The Controlled Substances Act that determines what is and is not a ‘controlled substance’ was made a law by Congress in 1970. It is underneath this law (and connected portions of the law) that the government has the authority to control the manufacture of and distribution throughout the country of any and all pharmaceutical substances. This law put into the effect the classification system that is commonly used today. These classifications are known as the Schedules. There are currently five schedule classes of drugs. In 1970 these schedules were classified and defined with varying degrees of importance. There are two government agencies which decide what classification schedule a drug is to be assigned, the DEA (Drug Enforcement Agency) and the FDA (Food and Drug Administration). There are rare exceptions in which Congress can pass a law into existence that classifies a drug into a schedule category it did not have otherwise.
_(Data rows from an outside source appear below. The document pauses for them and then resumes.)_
inductive fstep :: "lang \<Rightarrow> fm \<Rightarrow> fm \<Rightarrow> bool" for L where
  arg: "lstep (tstep L) us us' \<Longrightarrow> fstep L (Atom P us) (Atom P us')"
| base: "psig L (PD p) = Omega # ss \<Longrightarrow> length us = length ss \<Longrightarrow>
    fstep L (Atom (PD p) (Zero # us)) (subst_f (mk_subst (xvars ss) us) (pbase L p))"
| rec: "psig L (PD p) = Omega # ss \<Longrightarrow> length us = length ss \<Longrightarrow>
    fstep L (Atom (PD p) (Sc u # us)) (subst_f (mk_subst (yvar # xvars ss) (u # us)) (pstepr L p))"
| neg: "fstep L A A' \<Longrightarrow> fstep L (Neg A) (Neg A')"
| conj1: "fstep L A A' \<Longrightarrow> fstep L (Conj A B) (Conj A' B)"
| conj2: "fstep L B B' \<Longrightarrow> fstep L (Conj A B) (Conj A B')"
| disj1: "fstep L A A' \<Longrightarrow> fstep L (Disj A B) (Disj A' B)"
| disj2: "fstep L B B' \<Longrightarrow> fstep L (Disj A B) (Disj A B')"
| imp1: "fstep L A A' \<Longrightarrow> fstep L (Imp A B) (Imp A' B)"
| imp2: "fstep L B B' \<Longrightarrow> fstep L (Imp A B) (Imp A B')"
| all: "fstep L A A' \<Longrightarrow> fstep L (All s A) (All s A')"
| ex: "fstep L A A' \<Longrightarrow> fstep L (Ex s A) (Ex s A')"

definition seq_step :: "lang \<Rightarrow> sequent \<Rightarrow> sequent \<Rightarrow> bool" where
  "seq_step L S S' \<longleftrightarrow>
     (lstep (fstep L) (fst S) (fst S') \<and> snd S = snd S') \<or>
     (fst S = fst S' \<and> lstep (fstep L) (snd S) (snd S'))"

text \<open>E |= t = t': equational consequence of the rules read as equations
  (by Birkhoff's theorem: convertibility).\<close>
definition E_eq :: "lang \<Rightarrow> trm \<Rightarrow> trm \<Rightarrow> bool" where
  "E_eq L = (\<lambda>a b. tstep L a b \<or> tstep L b a)\<^sup>*\<^sup>*"

inductive trm_repl :: "trm \<Rightarrow> trm \<Rightarrow> trm \<Rightarrow> trm \<Rightarrow> bool" for t t' where
  refl: "trm_repl t t' u u"
| here: "trm_repl t t' t t'"
| sc: "trm_repl t t' u u' \<Longrightarrow> trm_repl t t' (Sc u) (Sc u')"
| fn: "list_all2 (trm_repl t t') us us' \<Longrightarrow> trm_repl t t' (Fn g us) (Fn g us')"

fun fm_repl :: "trm \<Rightarrow> trm \<Rightarrow> fm \<Rightarrow> fm \<Rightarrow> bool" where
  "fm_repl t t' (Atom P us) (Atom Q vs) = (P = Q \<and> list_all2 (trm_repl t t') us vs)"
| "fm_repl t t' (Neg A) (Neg A') = fm_repl t t' A A'"
| "fm_repl t t' (Conj A B) (Conj A' B') = (fm_repl t t' A A' \<and> fm_repl t t' B B')"
| "fm_repl t t' (Disj A B) (Disj A' B') = (fm_repl t t' A A' \<and> fm_repl t t' B B')"
| "fm_repl t t' (Imp A B) (Imp A' B') = (fm_repl t t' A A' \<and> fm_repl t t' B B')"
| "fm_repl t t' (All s A) (All s' A') = (s = s' \<and> fm_repl t t' A A')"
| "fm_repl t t' (Ex s A) (Ex s' A') = (s = s' \<and> fm_repl t t' A A')"
| "fm_repl t t' _ _ = False"

definition seq_repl :: "trm \<Rightarrow> trm \<Rightarrow> sequent \<Rightarrow> sequent \<Rightarrow> bool" where
  "seq_repl t t' S S' \<longleftrightarrow>
     list_all2 (fm_repl t t') (fst S) (fst S') \<and> list_all2 (fm_repl t t') (snd S) (snd S')"

section \<open>LKS_E proofs\<close>

datatype rkind = WeakL | WeakR | ContrL | ContrR | NegL | NegR | AndL | OrR | ImpR
  | AllL | AllR | ExL | ExR | AndR | OrL | ImpL | Cut

text \<open>Unary inference: kind, positions of the auxiliary occurrences in the antecedent and
  succedent of the premise, and the main formula. The conclusion is the main formula
  followed by the context (premise without auxiliary occurrences).
  Binary inference: kind, position of the auxiliary occurrence in premise 1 and in
  premise 2, and the main (resp. cut) formula.\<close>
datatype urule = URule rkind "nat list" "nat list" fm
datatype brule = BRule rkind nat nat fm

text \<open>Proof symbols \<psi>_1,...,\<psi>_\<alpha> are represented by the indices 0,...,\<alpha>-1.
  Link b a as S is the lkproof link (\<psi>_(b+1)(a, as)) above S.\<close>
datatype lkproof = Ax fm | Link nat trm "trm list" sequent | Unary urule lkproof
  | Binary brule lkproof lkproof | ERule sequent lkproof

definition main_left :: "rkind \<Rightarrow> bool" where
  "main_left k \<longleftrightarrow> k \<in> {WeakL, ContrL, NegL, AndL, AllL, ExL, OrL, ImpL}"
definition a1_left :: "rkind \<Rightarrow> bool" where "a1_left k \<longleftrightarrow> k = OrL"
definition a2_left :: "rkind \<Rightarrow> bool" where "a2_left k \<longleftrightarrow> k \<in> {OrL, ImpL, Cut}"

definition ctx :: "fm list \<Rightarrow> nat list \<Rightarrow> fm list" where
  "ctx xs is = nths xs (- set is)"

fun ucon :: "urule \<Rightarrow> sequent \<Rightarrow> sequent" where
  "ucon (URule k ls rs m) (G, D) =
     ((if main_left k then [m] else []) @ ctx G ls, (if main_left k then [] else [m]) @ ctx D rs)"

fun bcon :: "brule \<Rightarrow> sequent \<Rightarrow> sequent \<Rightarrow> sequent" where
  "bcon (BRule k i j m) (G1, D1) (G2, D2) =
     (let G1' = (if a1_left k then ctx G1 [i] else G1); D1' = (if a1_left k then D1 else ctx D1 [i]);
          G2' = (if a2_left k then ctx G2 [j] else G2); D2' = (if a2_left k then D2 else ctx D2 [j]);
          mm = (if k = Cut then [] else [m])
      in ((if main_left k then mm else []) @ G1' @ G2', (if main_left k then [] else mm) @ D1' @ D2'))"

fun concl :: "lkproof \<Rightarrow> sequent" where
  "concl (Ax A) = ([A], [A])"
| "concl (Link b a as S) = S"
| "concl (Unary r p) = ucon r (concl p)"
| "concl (Binary r p q) = bcon r (concl p) (concl q)"
| "concl (ERule S p) = S"

fun urule_ok :: "lang \<Rightarrow> urule \<Rightarrow> sequent \<Rightarrow> bool" where
  "urule_ok L (URule k ls rs m) (G, D) =
    (wf_f L [] m \<and> distinct ls \<and> distinct rs \<and> (\<forall>i\<in>set ls. i < length G) \<and> (\<forall>i\<in>set rs. i < length D) \<and>
     (case k of
       WeakL \<Rightarrow> ls = [] \<and> rs = []
     | WeakR \<Rightarrow> ls = [] \<and> rs = []
     | ContrL \<Rightarrow> rs = [] \<and> (\<exists>i j. ls = [i, j] \<and> G ! i = m \<and> G ! j = m)
     | ContrR \<Rightarrow> ls = [] \<and> (\<exists>i j. rs = [i, j] \<and> D ! i = m \<and> D ! j = m)
     | NegL \<Rightarrow> ls = [] \<and> (\<exists>i. rs = [i] \<and> m = Neg (D ! i))
     | NegR \<Rightarrow> rs = [] \<and> (\<exists>i. ls = [i] \<and> m = Neg (G ! i))
     | AndL \<Rightarrow> rs = [] \<and> (\<exists>i A B. ls = [i] \<and> m = Conj A B \<and> (G ! i = A \<or> G ! i = B))
     | OrR \<Rightarrow> ls = [] \<and> (\<exists>i A B. rs = [i] \<and> m = Disj A B \<and> (D ! i = A \<or> D ! i = B))
     | ImpR \<Rightarrow> (\<exists>i j. ls = [i] \<and> rs = [j] \<and> m = Imp (G ! i) (D ! j))
     | AllL \<Rightarrow> rs = [] \<and> (\<exists>i s F t. ls = [i] \<and> m = All s F \<and> sort_of L [] t = Some s \<and> G ! i = inst_f 0 t F)
     | AllR \<Rightarrow> ls = [] \<and> (\<exists>i s F v. rs = [i] \<and> m = All s F \<and> snd v = s \<and> D ! i = inst_f 0 (Fr v) F \<and>
                 v \<notin> fv_seq (ucon (URule k ls rs m) (G, D)))
     | ExL \<Rightarrow> rs = [] \<and> (\<exists>i s F v. ls = [i] \<and> m = Ex s F \<and> snd v = s \<and> G ! i = inst_f 0 (Fr v) F \<and>
                 v \<notin> fv_seq (ucon (URule k ls rs m) (G, D)))
     | ExR \<Rightarrow> ls = [] \<and> (\<exists>i s F t. rs = [i] \<and> m = Ex s F \<and> sort_of L [] t = Some s \<and> D ! i = inst_f 0 t F)
     | _ \<Rightarrow> False))"

fun brule_ok :: "lang \<Rightarrow> brule \<Rightarrow> sequent \<Rightarrow> sequent \<Rightarrow> bool" where
  "brule_ok L (BRule k i j m) (G1, D1) (G2, D2) =
    (wf_f L [] m \<and> i < length (if a1_left k then G1 else D1) \<and> j < length (if a2_left k then G2 else D2) \<and>
     (case k of
       AndR \<Rightarrow> m = Conj (D1 ! i) (D2 ! j)
     | OrL \<Rightarrow> m = Disj (G1 ! i) (G2 ! j)
     | ImpL \<Rightarrow> m = Imp (D1 ! i) (G2 ! j)
     | Cut \<Rightarrow> D1 ! i = m \<and> G2 ! j = m
     | _ \<Rightarrow> False))"

definition is_atom :: "fm \<Rightarrow> bool" where
  "is_atom A \<longleftrightarrow> (\<exists>P us. A = Atom P us)"

section \<open>Proof schemata\<close>

text \<open>Component for \<psi>_\<beta>: sequent S(n, xs), the variables n, xs, k, and the pair (\<pi>, \<nu>(k)).\<close>
record comp =
  cseq :: sequent
  cn :: var
  cxs :: "var list"
  ck :: var
  cpi :: lkproof
  cnu :: lkproof

type_synonym schema = "comp list"

definition link_ok :: "lang \<Rightarrow> schema \<Rightarrow> nat \<Rightarrow> trm \<Rightarrow> trm list \<Rightarrow> sequent \<Rightarrow> bool" where
  "link_ok L \<Psi> b a as S \<longleftrightarrow> b < length \<Psi> \<and> sort_of L [] a = Some Omega \<and>
     map (sort_of L []) as = map (Some \<circ> snd) (cxs (\<Psi> ! b)) \<and>
     S = subst_seq (mk_subst (cn (\<Psi> ! b) # cxs (\<Psi> ! b)) (a # as)) (cseq (\<Psi> ! b))"

text \<open>LKS_E proofs; "ok b a" says which lkproof links (\<psi>_b(a, ...)) are admitted.\<close>
fun valid :: "lang \<Rightarrow> schema \<Rightarrow> (nat \<Rightarrow> trm \<Rightarrow> bool) \<Rightarrow> lkproof \<Rightarrow> bool" where
  "valid L \<Psi> ok (Ax A) = (is_atom A \<and> wf_f L [] A)"
| "valid L \<Psi> ok (Link b a as S) = (ok b a \<and> link_ok L \<Psi> b a as S)"
| "valid L \<Psi> ok (Unary r p) = (valid L \<Psi> ok p \<and> urule_ok L r (concl p))"
| "valid L \<Psi> ok (Binary r p q) = (valid L \<Psi> ok p \<and> valid L \<Psi> ok q \<and> brule_ok L r (concl p) (concl q))"
| "valid L \<Psi> ok (ERule S p) =
     (valid L \<Psi> ok p \<and> wf_seq L S \<and> (\<exists>t t'. E_eq L t t' \<and> seq_repl t t' (concl p) S))"

definition comp_ok :: "lang \<Rightarrow> schema \<Rightarrow> nat \<Rightarrow> comp \<Rightarrow> bool" where
  "comp_ok L \<Psi> \<beta> c \<longleftrightarrow>
     snd (cn c) = Omega \<and> snd (ck c) = Omega \<and> distinct (cn c # cxs c) \<and> ck c \<notin> set (cxs c) \<and>
     wf_seq L (cseq c) \<and> fv_seq (cseq c) \<subseteq> set (cn c # cxs c) \<and>
     valid L \<Psi> (\<lambda>\<gamma> a. \<beta> < \<gamma> \<and> fv_t a \<subseteq> {ck c}) (cpi c) \<and>
     concl (cpi c) = subst_seq (mk_subst [cn c] [Zero]) (cseq c) \<and>
     valid L \<Psi> (\<lambda>\<gamma> a. (\<beta> < \<gamma> \<and> fv_t a \<subseteq> {ck c}) \<or> (\<gamma> = \<beta> \<and> a = Fr (ck c))) (cnu c) \<and>
     concl (cnu c) = subst_seq (mk_subst [cn c] [Sc (Fr (ck c))]) (cseq c)"

definition is_schema :: "lang \<Rightarrow> schema \<Rightarrow> bool" where
  "is_schema L \<Psi> \<longleftrightarrow> wf_lang L \<and> \<Psi> \<noteq> [] \<and> (\<forall>\<beta><length \<Psi>. comp_ok L \<Psi> \<beta> (\<Psi> ! \<beta>))"

section \<open>Evaluation of lkproof schemata\<close>

definition subst_ur :: "(var \<Rightarrow> trm) \<Rightarrow> urule \<Rightarrow> urule" where
  "subst_ur \<sigma> r = (case r of URule k ls rs m \<Rightarrow> URule k ls rs (subst_f \<sigma> m))"
definition subst_br :: "(var \<Rightarrow> trm) \<Rightarrow> brule \<Rightarrow> brule" where
  "subst_br \<sigma> r = (case r of BRule k i j m \<Rightarrow> BRule k i j (subst_f \<sigma> m))"

primrec subst_p :: "(var \<Rightarrow> trm) \<Rightarrow> lkproof \<Rightarrow> lkproof" where
  "subst_p \<sigma> (Ax A) = Ax (subst_f \<sigma> A)"
| "subst_p \<sigma> (Link b a as S) = Link b (subst_t \<sigma> a) (map (subst_t \<sigma>) as) (subst_seq \<sigma> S)"
| "subst_p \<sigma> (Unary r p) = Unary (subst_ur \<sigma> r) (subst_p \<sigma> p)"
| "subst_p \<sigma> (Binary r p q) = Binary (subst_br \<sigma> r) (subst_p \<sigma> p) (subst_p \<sigma> q)"
| "subst_p \<sigma> (ERule S p) = ERule (subst_seq \<sigma> S) (subst_p \<sigma> p)"

inductive pstep :: "lang \<Rightarrow> schema \<Rightarrow> lkproof \<Rightarrow> lkproof \<Rightarrow> bool" for L \<Psi> where
  ax: "fstep L A A' \<Longrightarrow> pstep L \<Psi> (Ax A) (Ax A')"
| link_a: "tstep L a a' \<Longrightarrow> pstep L \<Psi> (Link b a as S) (Link b a' as S)"
| link_as: "lstep (tstep L) as as' \<Longrightarrow> pstep L \<Psi> (Link b a as S) (Link b a as' S)"
| link_S: "seq_step L S S' \<Longrightarrow> pstep L \<Psi> (Link b a as S) (Link b a as S')"
| link_0: "b < length \<Psi> \<Longrightarrow> length as = length (cxs (\<Psi> ! b)) \<Longrightarrow>
    pstep L \<Psi> (Link b Zero as S) (subst_p (mk_subst (cxs (\<Psi> ! b)) as) (cpi (\<Psi> ! b)))"
| link_S': "b < length \<Psi> \<Longrightarrow> length as = length (cxs (\<Psi> ! b)) \<Longrightarrow>
    pstep L \<Psi> (Link b (Sc t) as S)
      (subst_p (mk_subst (ck (\<Psi> ! b) # cxs (\<Psi> ! b)) (t # as)) (cnu (\<Psi> ! b)))"
| u_rule: "fstep L m m' \<Longrightarrow> pstep L \<Psi> (Unary (URule k ls rs m) p) (Unary (URule k ls rs m') p)"
| u_sub: "pstep L \<Psi> p p' \<Longrightarrow> pstep L \<Psi> (Unary r p) (Unary r p')"
| b_rule: "fstep L m m' \<Longrightarrow> pstep L \<Psi> (Binary (BRule k i j m) p q) (Binary (BRule k i j m') p q)"
| b_sub1: "pstep L \<Psi> p p' \<Longrightarrow> pstep L \<Psi> (Binary r p q) (Binary r p' q)"
| b_sub2: "pstep L \<Psi> q q' \<Longrightarrow> pstep L \<Psi> (Binary r p q) (Binary r p q')"
| e_seq: "seq_step L S S' \<Longrightarrow> pstep L \<Psi> (ERule S p) (ERule S' p)"
| e_sub: "pstep L \<Psi> p p' \<Longrightarrow> pstep L \<Psi> (ERule S p) (ERule S p')"

primrec nolinks :: "lkproof \<Rightarrow> bool" where
  "nolinks (Ax A) = True"
| "nolinks (Link b a as S) = False"
| "nolinks (Unary r p) = nolinks p"
| "nolinks (Binary r p q) = (nolinks p \<and> nolinks q)"
| "nolinks (ERule S p) = nolinks p"

primrec dfree_p :: "lkproof \<Rightarrow> bool" where
  "dfree_p (Ax A) = (dsyms_f A = {})"
| "dfree_p (Link b a as S) =
     (dsyms_t a = {} \<and> (\<forall>u\<in>set as. dsyms_t u = {}) \<and> dsyms_seq S = {})"
| "dfree_p (Unary r p) = ((case r of URule k ls rs m \<Rightarrow> dsyms_f m = {}) \<and> dfree_p p)"
| "dfree_p (Binary r p q) = ((case r of BRule k i j m \<Rightarrow> dsyms_f m = {}) \<and> dfree_p p \<and> dfree_p q)"
| "dfree_p (ERule S p) = (dsyms_seq S = {} \<and> dfree_p p)"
An example of this was when Congress passed a law in 2000 classifying a drug known as GHB (or gamma hydroxy butyrate) as a schedule 1 substance because of its large prevalence on college campuses being used as a ‘date rape’ drug.

The criteria for classification is a lengthy list, but the main points that must be observed before something can be classified are what potential a drug has for abuse by a patient, what if any currently accepted medical uses the drug has, and whether or not the drug is classified by any other country as being a dangerous one (which also includes whether or not the drug is listed in any international treaties the US currently has).